Regarding your specific example, uh, I don't know how you measured, but that feels... off. Here:
```
package scratch;
public class Sum {
public static long sum(long[] longs) {
long sum = 0;
for (int i = 0; i < longs.length; i++) {
sum += longs[i];
}
return sum;
}
}
```
Summing an array of 10^8 longs like you suggested takes ~120 ms on my machine.
```
user=> (quick-bench (Sum/sum longs))
Evaluation count : 6 in 6 samples of 1 calls.
Execution time mean : 119.804166 ms
Execution time std-deviation : 9.124709 ms
Execution time lower quantile : 115.154905 ms ( 2.5%)
Execution time upper quantile : 135.597497 ms (97.5%)
Overhead used : 20.384654 ns
Found 1 outliers in 6 samples (16.6667 %)
low-severe 1 (16.6667 %)
Variance from outliers : 15.4197 % Variance is moderately inflated by outliers
```
Your Clojure function, which sums a lazy range, takes ~4.7 seconds--about 40x slower.
```
user=> (quick-bench (sum-clojure 100000000))
Evaluation count : 6 in 6 samples of 1 calls.
Execution time mean : 4.739575 sec
Execution time std-deviation : 346.895187 ms
Execution time lower quantile : 4.557732 sec ( 2.5%)
Execution time upper quantile : 5.324739 sec (97.5%)
Overhead used : 20.384654 ns
Found 1 outliers in 6 samples (16.6667 %)
low-severe 1 (16.6667 %)
Variance from outliers : 15.3163 % Variance is moderately inflated by outliers
```
An idiomatic Clojure reduction over the same array of longs, just so we're measuring apples to apples, takes about 12 seconds--about 100x slower.
```
user=> (reduce + longs)
4999999950000000
user=> (quick-bench (reduce + longs))
Evaluation count : 6 in 6 samples of 1 calls.
Execution time mean : 12.037821 sec
Execution time std-deviation : 433.661044 ms
Execution time lower quantile : 11.790637 sec ( 2.5%)
Execution time upper quantile : 12.779262 sec (97.5%)
Overhead used : 20.384654 ns
Found 1 outliers in 6 samples (16.6667 %)
low-severe 1 (16.6667 %)
Variance from outliers : 13.8889 % Variance is moderately inflated by outliers
```
Incidentally, this is one of the reasons I wrote `loopr` (https://aphyr.com/posts/360-loopr-a-loop-reduction-macro-for...). One of the iteration tactics it can compile to is iteration over arrays.
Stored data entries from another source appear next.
(* Fix $Z>0$, integers $n\ge1$, $0\le l\le n-1$, and real $q>0$, $q\ne1$. Then, as $D\to\infty$ through integers, $$R_q[\rho_{n,l}]=2D\log D+D\log\!\Big[\frac{q^{\frac{1}{q-1}}}{4Ze}\Big]+\frac{q(n-l-\frac12)-\frac12}{1-q}\log D+\frac{1}{1-q}\log\mathcal F(n,l,q)+o(1),$$ where $$\mathcal F(n,l,q)=\frac{(2\pi)^{\frac{1-q}{2}}\,|q-1|^{2(n-l-1)q}}{\Gamma(n-l)^q}\,\frac{e^{(2n-3)(1-q)}}{q^{2q(n-1)}}.$$
   Context: $D$-dimensional hydrogenic atom with nuclear charge $Z>0$ (atomic units). For integers $D\ge2$, $n\ge1$, $0\le l\le n-1$ set $\eta=n+\frac{D-3}{2}$, $L=l+\frac{D-3}{2}$ (so $2L+1=2l+D-2$), $\lambda=\eta/(2Z)$ and $\tilde r=r/\lambda$. The radial position density is $$\rho_{n,l}(r)=\frac{\lambda^{-D}}{2\eta}\,\tilde r^{\,2L+1-(D-2)}e^{-\tilde r}\,\big[\widehat{\mathcal L}^{(2L+1)}_{n-l-1}(\tilde r)\big]^2,$$ which satisfies $\int_0^\infty\rho_{n,l}(r)r^{D-1}dr=1$; here $\widehat{\mathcal L}^{(\alpha)}_k(x)=\big(k!/\Gamma(k+\alpha+1)\big)^{1/2}\mathcal L^{(\alpha)}_k(x)$ is the orthonormal generalized Laguerre polynomial. The radial Rényi entropy is $$R_q[\rho_{n,l}]=\frac{1}{1-q}\log\int_0^\infty[\rho_{n,l}(r)]^q\,r^{D-1}\,dr .$$ $|q-1|^0:=1$. *)

theory Defs
  imports "HOL-Analysis.Analysis"
begin

definition laguerre :: "nat \<Rightarrow> real \<Rightarrow> real \<Rightarrow> real" where
  "laguerre k \<alpha> x = (\<Sum>i\<le>k. (-1)^i * Gamma (real k + \<alpha> + 1)
      / (Gamma (real i + \<alpha> + 1) * fact (k - i) * fact i) * x ^ i)"

definition laguerre_on :: "nat \<Rightarrow> real \<Rightarrow> real \<Rightarrow> real" where
  "laguerre_on k \<alpha> x = sqrt (fact k / Gamma (real k + \<alpha> + 1)) * laguerre k \<alpha> x"

definition hyd_eta :: "nat \<Rightarrow> nat \<Rightarrow> real" where
  "hyd_eta D n = real n + (real D - 3) / 2"

definition hyd_L :: "nat \<Rightarrow> nat \<Rightarrow> real" where
  "hyd_L D l = real l + (real D - 3) / 2"

definition hyd_lambda :: "real \<Rightarrow> nat \<Rightarrow> nat \<Rightarrow> real" where
  "hyd_lambda Z D n = hyd_eta D n / (2 * Z)"

text \<open>Radial position density rho_{n,l}(r) of the D-dimensional hydrogenic atom (for r > 0).\<close>
definition hyd_rho :: "real \<Rightarrow> nat \<Rightarrow> nat \<Rightarrow> nat \<Rightarrow> real \<Rightarrow> real" where
  "hyd_rho Z D n l r =
     (let lam = hyd_lambda Z D n; \<eta> = hyd_eta D n; L = hyd_L D l; rt = r / lam in
      lam powr (- real D) / (2 * \<eta>) * rt powr (2 * L + 1 - (real D - 2)) * exp (- rt)
        * (laguerre_on (n - l - 1) (2 * L + 1) rt)\<^sup>2)"

definition renyi_rad :: "real \<Rightarrow> nat \<Rightarrow> nat \<Rightarrow> nat \<Rightarrow> real \<Rightarrow> real" where
  "renyi_rad Z D n l q =
     1 / (1 - q) * ln (LBINT r:{0<..}. (hyd_rho Z D n l r) powr q * r ^ (D - 1))"

definition calF :: "nat \<Rightarrow> nat \<Rightarrow> real \<Rightarrow> real" where
  "calF n l q = (2 * pi) powr ((1 - q) / 2) * \<bar>q - 1\<bar> powr (2 * real (n - l - 1) * q)
      / Gamma (real (n - l)) powr q
      * exp ((2 * real n - 3) * (1 - q)) / q powr (2 * q * (real n - 1))"

end

theory Submission
  imports Defs "HOL-Real_Asymp.Real_Asymp" "HOL-Computational_Algebra.Polynomial"
begin

text \<open>Substituting \<open>r = \<lambda> x / q\<close> turns the Renyi integral into an explicit prefactor times the average
  of \<open>|D^(-k) L_k^(D+2l-2)(x/q)|^(2q)\<close>, \<open>k = n - l - 1\<close>, against the Gamma density of shape
  \<open>D + 2lq\<close>. That density concentrates near \<open>x = D\<close>, where the normalised Laguerre polynomial
  converges coefficientwise to \<open>(1 - x/D)^k / k!\<close>; hence the average tends to \<open>|(1 - 1/q)^k / k!|^(2q)\<close>.
  Stirling's formula for the Gamma factors of the prefactor, derived here from Wallis' product, then
  yields the expansion.\<close>

lemma Gamma_real_set_integral:
  fixes s :: real
  assumes "s > 0"
  shows "set_integrable lborel {0<..} (\<lambda>t. t powr (s - 1) * exp (-t))"
    and "(LBINT t:{0<..}. t powr (s - 1) * exp (-t)) = Gamma s"
proof -
  have eq: "(\<lambda>t. indicator {0<..} t *\<^sub>R (t powr (s - 1) * exp (-t)))
      = (\<lambda>t::real. indicator {0..} t * t powr (s - 1) / exp t)"
    by (rule ext) (auto simp: indicator_def exp_minus field_simps)
  have "(\<integral>\<^sup>+x. ennreal (indicator {0..} x * x powr (s - 1) / exp x) \<partial>lborel) = ennreal (Gamma s)"
    using Gamma_conv_nn_integral_real[OF assms] by simp
  then have "integrable lborel (\<lambda>t::real. indicator {0..} t * t powr (s - 1) / exp t) \<and>
      lebesgue_integral lborel (\<lambda>t::real. indicator {0..} t * t powr (s - 1) / exp t) = Gamma s"
    using assms
    by (subst nn_integral_eq_integrable[symmetric]) (auto simp: indicator_def intro!: Gamma_real_nonneg)
  then show "set_integrable lborel {0<..} (\<lambda>t. t powr (s - 1) * exp (-t))"
    and "(LBINT t:{0<..}. t powr (s - 1) * exp (-t)) = Gamma s"
    unfolding set_integrable_def set_lebesgue_integral_def eq by auto
qed

definition gamma_weight :: "real \<Rightarrow> real \<Rightarrow> real" where
  "gamma_weight m s = (if s > 0 then s powr m * exp (-s) else 0)"

lemma gamma_weight_nonneg: "gamma_weight m s \<ge> 0"
  by (simp add: gamma_weight_def)

lemma gamma_weight_measurable [measurable]: "gamma_weight m \<in> borel_measurable borel"
  unfolding gamma_weight_def by measurable

lemma gamma_weight_moment:
  assumes "m > -1"
  shows "integrable lborel (\<lambda>s. gamma_weight m s * s ^ j)"
    and "(\<integral>s. gamma_weight m s * s ^ j \<partial>lborel) = Gamma (m + real j + 1)"
proof -
  have pos: "m + real j + 1 > 0"
    using assms by simp
  have eq: "(\<lambda>s. gamma_weight m s * s ^ j)
      = (\<lambda>t. indicator {0<..} t *\<^sub>R (t powr ((m + real j + 1) - 1) * exp (-t)))"
    by (rule ext) (auto simp: gamma_weight_def indicator_def powr_add powr_realpow)
  show "integrable lborel (\<lambda>s. gamma_weight m s * s ^ j)"
    using Gamma_real_set_integral(1)[OF pos] unfolding eq set_integrable_def .
  show "(\<integral>s. gamma_weight m s * s ^ j \<partial>lborel) = Gamma (m + real j + 1)"
    using Gamma_real_set_integral(2)[OF pos] unfolding eq set_lebesgue_integral_def .
qed
lemma norm_tail_integral_le_by_parts:
  fixes u u' :: "real \<Rightarrow> complex"
  assumes deriv: "\<And>x. (u has_vector_derivative u' x) (at x)"
    and cont': "continuous_on UNIV u'"
    and bound: "\<And>x. norm (u x) \<le> M * lorentzian x"
    and bound': "\<And>x. norm (u' x) \<le> M' * lorentzian x"
    and "c \<noteq> 0"
  shows "norm (\<integral>x\<in>{R<..}. u x * cis (c * x) \<partial>lborel) \<le> (norm (u R) + M' * lorentzian_tail R) / \<bar>c\<bar>"
proof -
  have "u' \<in> borel_measurable borel"
    using cont' by (rule borel_measurable_continuous_onI)
  then have "norm (u R * cis (c * R) + (\<integral>x\<in>{R<..}. u' x * cis (c * x) \<partial>lborel)) \<le> norm (u R) + M' * lorentzian_tail R"
    using norm_tail_integral_le[OF _ bound'] by (intro norm_triangle_le add_mono) (auto simp: norm_mult)
  then show ?thesis
    unfolding tail_integral_by_parts[OF assms] norm_divide norm_minus_cancel
    by (simp add: norm_mult divide_right_mono)
qed

lemma integral_split_tails:
  fixes f :: "real \<Rightarrow> 'a::{banach, second_countable_topology}"
  assumes "integrable lborel f" and "R \<ge> 0"
  shows "(\<integral>x. f x \<partial>lborel)
           = (\<integral>x\<in>{-R..R}. f x \<partial>lborel) + (\<integral>x\<in>{R<..}. f x \<partial>lborel) + (\<integral>x\<in>{R<..}. f (- x) \<partial>lborel)"
proof -
  have "(\<integral>x\<in>{R<..}. f (- x) \<partial>lborel) = (\<integral>x\<in>{..<-R}. f x \<partial>lborel)"
    using set_integral_reflect[of "{..<-R}" f] by (simp add: greaterThan_def)
  moreover have "f = (\<lambda>x. indicator {-R..R} x *\<^sub>R f x + indicator {R<..} x *\<^sub>R f x + indicator {..<-R} x *\<^sub>R f x)"
    using \<open>R \<ge> 0\<close> by (auto simp: fun_eq_iff indicator_def)
  then have "(\<integral>x. f x \<partial>lborel) = (\<integral>x. indicator {-R..R} x *\<^sub>R f x + indicator {R<..} x *\<^sub>R f x + indicator {..<-R} x *\<^sub>R f x \<partial>lborel)"
    by (metis (no_types))
  ultimately show ?thesis
    using assms(1) unfolding set_lebesgue_integral_def
    by (simp add: integrable_mult_indicator)
qed

lemma fourier_integral_minus_trunc:
  fixes u :: "real \<Rightarrow> complex"
  assumes "integrable lborel (\<lambda>x. u x * cis (- 2 * pi * x * \<xi>))" and "R \<ge> 0"
  shows "fourier_integral u \<xi> - fourier_trunc u R \<xi>
           = (\<integral>x\<in>{R<..}. u x * cis ((- 2 * pi * \<xi>) * x) \<partial>lborel)
             + (\<integral>x\<in>{R<..}. u (- x) * cis ((2 * pi * \<xi>) * x) \<partial>lborel)"
  using integral_split_tails[OF assms] unfolding fourier_integral_def fourier_trunc_def
  by (simp add: mult_ac)

lemma norm_fourier_trunc_error_le:
  fixes u u' :: "real \<Rightarrow> complex"
  assumes deriv: "\<And>x. (u has_vector_derivative u' x) (at x)"
    and cont': "continuous_on UNIV u'"
    and bound: "\<And>x. norm (u x) \<le> M * lorentzian x"
    and bound': "\<And>x. norm (u' x) \<le> M' * lorentzian x"
    and "R \<ge> 0"
  shows "norm (fourier_integral u \<xi> - fourier_trunc u R \<xi>) \<le> 2 * M * lorentzian_tail R"
    and "\<xi> \<noteq> 0 \<Longrightarrow> norm (fourier_integral u \<xi> - fourier_trunc u R \<xi>)
           \<le> (M * lorentzian R + M' * lorentzian_tail R) / (pi * \<bar>\<xi>\<bar>)"
proof -
  define v where "v x = u (- x)" for x
  define v' where "v' x = - u' (- x)" for x
  have deriv_v: "(v has_vector_derivative v' x) (at x)" for x
    using vector_diff_chain_at[OF has_vector_derivative_minus[OF has_vector_derivative_id] deriv]
    by (simp add: v_def[abs_def] v'_def o_def)
  have cont'_v: "continuous_on UNIV v'"
    unfolding v'_def by (intro continuous_intros continuous_on_compose2[OF cont']) auto
  have bound_v: "norm (v x) \<le> M * lorentzian x" and bound'_v: "norm (v' x) \<le> M' * lorentzian x" for x
    using bound[of "- x"] bound'[of "- x"] by (simp_all add: v_def v'_def)
  have "continuous_on UNIV u" "continuous_on UNIV v"
    using deriv deriv_v by (auto intro!: continuous_at_imp_continuous_on has_vector_derivative_continuous)
  then have meas: "u \<in> borel_measurable borel" "v \<in> borel_measurable borel"
    by (auto intro: borel_measurable_continuous_onI)
  have split: "fourier_integral u \<xi> - fourier_trunc u R \<xi>
      = (\<integral>x\<in>{R<..}. u x * cis ((- 2 * pi * \<xi>) * x) \<partial>lborel)
        + (\<integral>x\<in>{R<..}. v x * cis ((2 * pi * \<xi>) * x) \<partial>lborel)"
    unfolding v_def
    using integrable_mult_cis_lorentzian_bound[OF meas(1) bound, of "- 2 * pi * \<xi>"] \<open>R \<ge> 0\<close>
    by (intro fourier_integral_minus_trunc) (simp_all add: mult_ac)
  show "norm (fourier_integral u \<xi> - fourier_trunc u R \<xi>) \<le> 2 * M * lorentzian_tail R"
    unfolding split
    using norm_tail_integral_le[OF meas(1) bound, of R "- 2 * pi * \<xi>"]
      norm_tail_integral_le[OF meas(2) bound_v, of R "2 * pi * \<xi>"]
    by (intro norm_triangle_le) linarith
  assume "\<xi> \<noteq> 0"
  then have "norm (fourier_integral u \<xi> - fourier_trunc u R \<xi>)
      \<le> (norm (u R) + M' * lorentzian_tail R) / \<bar>- 2 * pi * \<xi>\<bar> + (norm (v R) + M' * lorentzian_tail R) / \<bar>2 * pi * \<xi>\<bar>"
    unfolding split
    by (intro norm_triangle_le add_mono norm_tail_integral_le_by_parts[OF deriv cont' bound bound']
        norm_tail_integral_le_by_parts[OF deriv_v cont'_v bound_v bound'_v]) simp_all
  also have "\<dots> = (norm (u R) + norm (v R) + 2 * (M' * lorentzian_tail R)) / (2 * pi * \<bar>\<xi>\<bar>)"
    by (simp add: abs_mult add_divide_distrib)
  also have "\<dots> \<le> (2 * (M * lorentzian R) + 2 * (M' * lorentzian_tail R)) / (2 * pi * \<bar>\<xi>\<bar>)"
    using bound[of R] bound_v[of R] by (intro divide_right_mono) auto
  also have "\<dots> = (M * lorentzian R + M' * lorentzian_tail R) / (pi * \<bar>\<xi>\<bar>)"
    by (simp only: distrib_left[symmetric] mult.assoc mult_divide_mult_cancel_left_if) simp
  finally show "norm (fourier_integral u \<xi> - fourier_trunc u R \<xi>)
           \<le> (M * lorentzian R + M' * lorentzian_tail R) / (pi * \<bar>\<xi>\<bar>)" .
qed
lemma sum_powr_arith_le_psi:
  assumes "0 < \<alpha>" "\<alpha> \<le> 1" "q > 0" "lam > 0"
  shows "(\<Sum>k<n. (q * real k + lam) powr -\<alpha>) \<le> lam powr -\<alpha> + (psi \<alpha> (q * real n + lam) - psi \<alpha> lam) / q"
proof (cases n)
  case (Suc m)
  have "psi \<alpha> (q * real m + lam) \<le> psi \<alpha> (q * real n + lam)"
    using assms Suc by (intro psi_mono) (auto simp: add_nonneg_pos)
  then have "(\<Sum>k<m. (q * real (Suc k) + lam) powr -\<alpha>) \<le> (psi \<alpha> (q * real n + lam) - psi \<alpha> lam) / q"
    using sum_powr_arith_Suc_le_psi[OF assms, of m] assms by (smt (verit) divide_right_mono)
  then show ?thesis unfolding Suc sum.lessThan_Suc_shift by simp
qed simp

section \<open>Rounds grouped by arm\<close>

definition pulls :: "(nat \<Rightarrow> nat) \<Rightarrow> nat \<Rightarrow> nat \<Rightarrow> nat" where
  "pulls a b s = card {l \<in> {1..s}. a l = b}"

lemma pulls_0 [simp]: "pulls a b 0 = 0"
  by (simp add: pulls_def)

lemma pulls_Suc: "pulls a b (Suc s) = pulls a b s + (if a (Suc s) = b then 1 else 0)"
proof -
  have "{l \<in> {1..Suc s}. a l = b} = (if a (Suc s) = b then insert (Suc s) else id) {l \<in> {1..s}. a l = b}"
    by (auto simp: le_Suc_eq)
  then show ?thesis by (simp add: pulls_def)
qed

lemma pulls_fun_upd_beyond: "s < t \<Longrightarrow> pulls (a(t := c)) b s = pulls a b s"
  unfolding pulls_def by (rule arg_cong[where f = card]) auto

lemma sum_rounds_by_arm:
  assumes "a ` {1..T} \<subseteq> B" "finite B"
  shows "(\<Sum>t=1..T. f (a t) (pulls a (a t) (t - 1))) = (\<Sum>b\<in>B. \<Sum>k < pulls a b T. f b k)"
  using assms(1)
proof (induction T)
  case (Suc T)
  have "(\<Sum>b\<in>B. \<Sum>k < pulls a b (Suc T). f b k)
      = (\<Sum>b\<in>B. \<Sum>k < pulls a b T. f b k) + (\<Sum>b\<in>B. if a (Suc T) = b then f b (pulls a b T) else 0)"
    unfolding sum.distrib[symmetric] by (intro sum.cong refl) (simp add: pulls_Suc)
  also have "(\<Sum>b\<in>B. if a (Suc T) = b then f b (pulls a b T) else 0) = f (a (Suc T)) (pulls a (a (Suc T)) T)"
    using Suc.prems assms(2) by (simp add: sum.delta image_subset_iff)
  moreover have "a ` {1..T} \<subseteq> B" using Suc.prems by auto
  ultimately show ?case using Suc.IH by simp
qed simp

lemma offline_policy_arm: "a \<in> offline_policies d T \<Longrightarrow> l \<in> {1..T} \<Longrightarrow> a l \<in> {1..d}"
  by (auto simp: offline_policies_def)

lemma finite_offline_policies: "finite (offline_policies d T)"
  by (simp add: offline_policies_def finite_PiE)

lemma sum_pulls_offline_policy:
  assumes "a \<in> offline_policies d T"
  shows "(\<Sum>b\<in>{1..d}. pulls a b T) = T"
proof -
  have "a ` {1..T} \<subseteq> {1..d}" using offline_policy_arm[OF assms] by blast
  then show ?thesis using sum_rounds_by_arm[of a T "{1..d}" "\<lambda>_ _. 1::nat"] by simp
qed

lemma offline_policy_fun_upd:
  "a \<in> offline_policies d T \<Longrightarrow> c \<in> {1..d} \<Longrightarrow> a(Suc T := c) \<in> offline_policies d (Suc T)"
  by (auto simp: offline_policies_def PiE_iff extensional_def le_Suc_eq)

lemma exists_offline_policy_pulls_ge:
  fixes N :: "nat \<Rightarrow> nat"
  assumes "d \<ge> 1" "(\<Sum>b\<in>{1..d}. N b) \<le> T"
  shows "\<exists>a\<in>offline_policies d T. \<forall>b\<in>{1..d}. N b \<le> pulls a b T"
  using assms(2)
proof (induction T arbitrary: N)
  case 0
  then show ?case by (intro bexI[of _ "\<lambda>_. undefined"]) (auto simp: offline_policies_def)
next
  case (Suc T)
  obtain c where c: "c \<in> {1..d}" and N_c: "N c > 0 \<or> (\<forall>b\<in>{1..d}. N b = 0)"
    using assms(1) by (metis atLeastAtMost_iff bot_nat_0.not_eq_extremum order_refl)
  define N' where "N' = N(c := N c - 1)"
  have "(\<Sum>b\<in>{1..d}. N' b) \<le> T"
  proof (cases "N c > 0")
    case True
    have "(\<Sum>b\<in>{1..d}. N' b) = N' c + (\<Sum>b\<in>{1..d} - {c}. N' b)"
      using c by (intro sum.remove) auto
    also have "(\<Sum>b\<in>{1..d} - {c}. N' b) = (\<Sum>b\<in>{1..d} - {c}. N b)"
      by (intro sum.cong) (auto simp: N'_def)
    also have "N' c + (\<Sum>b\<in>{1..d} - {c}. N b) + 1 = (\<Sum>b\<in>{1..d}. N b)"
      using True c by (simp add: N'_def sum.remove)
    finally show ?thesis using Suc.prems by linarith
  next
    case False
    then have "\<forall>b\<in>{1..d}. N' b = 0" using N_c by (simp add: N'_def)
    then show ?thesis by simp
  qed
  then obtain a where a: "a \<in> offline_policies d T" "\<forall>b\<in>{1..d}. N' b \<le> pulls a b T"
    using Suc.IH by blast
  have "N b \<le> pulls (a(Suc T := c)) b (Suc T)" if "b \<in> {1..d}" for b
    using a(2) that by (auto simp: pulls_Suc pulls_fun_upd_beyond N'_def split: if_splits)
  then show ?case using offline_policy_fun_upd[OF a(1) c] by blast
qed

section \<open>Expectations under the censorship distribution\<close>

lemma finite_set_censor_pmf: "finite (set_pmf (censor_pmf p T a))"
proof (rule finite_subset)
  show "set_pmf (censor_pmf p T a) \<subseteq> PiE_dflt {1..T} False (set_pmf \<circ> (\<lambda>l. bernoulli_pmf (p (a l))))"
    unfolding censor_pmf_def by (rule set_Pi_pmf_subset') simp
qed (intro finite_PiE_dflt; simp)

lemma integrable_censor_pmf [simp]: "integrable (measure_pmf (censor_pmf p T a)) (f :: _ \<Rightarrow> real)"
  by (rule integrable_measure_pmf_finite[OF finite_set_censor_pmf])

lemma expectation_censor_indicator:
  assumes "l \<in> {1..T}" "0 \<le> p (a l)" "p (a l) \<le> 1"
  shows "measure_pmf.expectation (censor_pmf p T a) (\<lambda>x. of_bool (x l) :: real) = p (a l)"
proof -
  have "map_pmf (\<lambda>x. x l) (censor_pmf p T a) = bernoulli_pmf (p (a l))"
    unfolding censor_pmf_def using assms by (subst Pi_pmf_component) auto
  then have "measure_pmf.expectation (censor_pmf p T a) (\<lambda>x. of_bool (x l) :: real)
      = measure_pmf.expectation (bernoulli_pmf (p (a l))) (\<lambda>v. of_bool v :: real)"
    by (metis integral_map_pmf)
  then show ?thesis using assms by simp
qed

lemma expectation_censor_card:
  assumes "S \<subseteq> {1..T}" "\<And>l. l \<in> S \<Longrightarrow> 0 \<le> p (a l) \<and> p (a l) \<le> 1"
  shows "measure_pmf.expectation (censor_pmf p T a) (\<lambda>x. real (card {l\<in>S. x l})) = (\<Sum>l\<in>S. p (a l))"
proof -
  have "finite S" using assms(1) finite_subset by blast
  then have "(\<lambda>x. real (card {l\<in>S. x l})) = (\<lambda>x. \<Sum>l\<in>S. of_bool (x l))"
    by (auto simp: fun_eq_iff Int_def)
  then show ?thesis
    using assms by (simp add: Bochner_Integration.integral_sum expectation_censor_indicator subset_eq)
qed

lemma expectation_censor_power_card:
  assumes "S \<subseteq> {1..T}" "\<And>l. l \<in> S \<Longrightarrow> 0 \<le> p (a l) \<and> p (a l) \<le> 1" "0 \<le> u"
  shows "measure_pmf.expectation (censor_pmf p T a) (\<lambda>x. u ^ card {l\<in>S. x l})
         = (\<Prod>l\<in>S. 1 - p (a l) + p (a l) * u)"
proof -
  define g where "g l = (\<lambda>v. if l \<in> S \<and> v then u else 1)" for l
  have "u ^ card {l\<in>S. x l} = (\<Prod>l\<in>{1..T}. g l (x l))" for x
  proof -
    have "(\<Prod>l\<in>{1..T}. g l (x l)) = (\<Prod>l\<in>{l\<in>{1..T}. l \<in> S \<and> x l}. u)"
      unfolding g_def by (rule prod.inter_filter[symmetric]) simp
    also have "{l\<in>{1..T}. l \<in> S \<and> x l} = {l\<in>S. x l}" using assms(1) by auto
    finally show ?thesis by simp
  qed
  then have "measure_pmf.expectation (censor_pmf p T a) (\<lambda>x. u ^ card {l\<in>S. x l})
     = (\<Prod>l\<in>{1..T}. measure_pmf.expectation (bernoulli_pmf (p (a l))) (g l))"
    unfolding censor_pmf_def
    by (simp only:)
       (rule expectation_prod_Pi_pmf, auto intro: integrable_measure_pmf_finite simp: g_def assms(3))
  also have "\<dots> = (\<Prod>l\<in>{1..T}. if l \<in> S then 1 - p (a l) + p (a l) * u else 1)"
    using assms(1,2) by (intro prod.cong refl) (auto simp: g_def)
  also have "\<dots> = (\<Prod>l\<in>S. 1 - p (a l) + p (a l) * u)"
    using assms(1) by (simp add: prod.If_cases Int_absorb1)
  finally show ?thesis .
qed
Nowhere near Java--I think it's probably still boxing a fair bit, and I'd need to disassemble it to see--but it's still 10x faster than the standard reduce here. ~10x slower than Java.
```
user=> (quick-bench (loopr [sum 0] [x ^"[J" longs :via :array] (recur (+ sum x))))
Evaluation count : 6 in 6 samples of 1 calls.
Execution time mean : 1.259095 sec
Execution time std-deviation : 3.876650 ms
Execution time lower quantile : 1.256692 sec ( 2.5%)
Execution time upper quantile : 1.265747 sec (97.5%)
Overhead used : 20.321072 ns
Found 1 outliers in 6 samples (16.6667 %)
low-severe 1 (16.6667 %)
Variance from outliers : 13.8889 % Variance is moderately inflated by outliers
```
Edit: I wonder if there's a caching thing going on. I am having wildly different performance depending on what number I put in. Does criterium affect this by isolating something?
I read a little more about this before you replied, but it seems like we're doing something different or there's a JVM difference that is bigger than expected.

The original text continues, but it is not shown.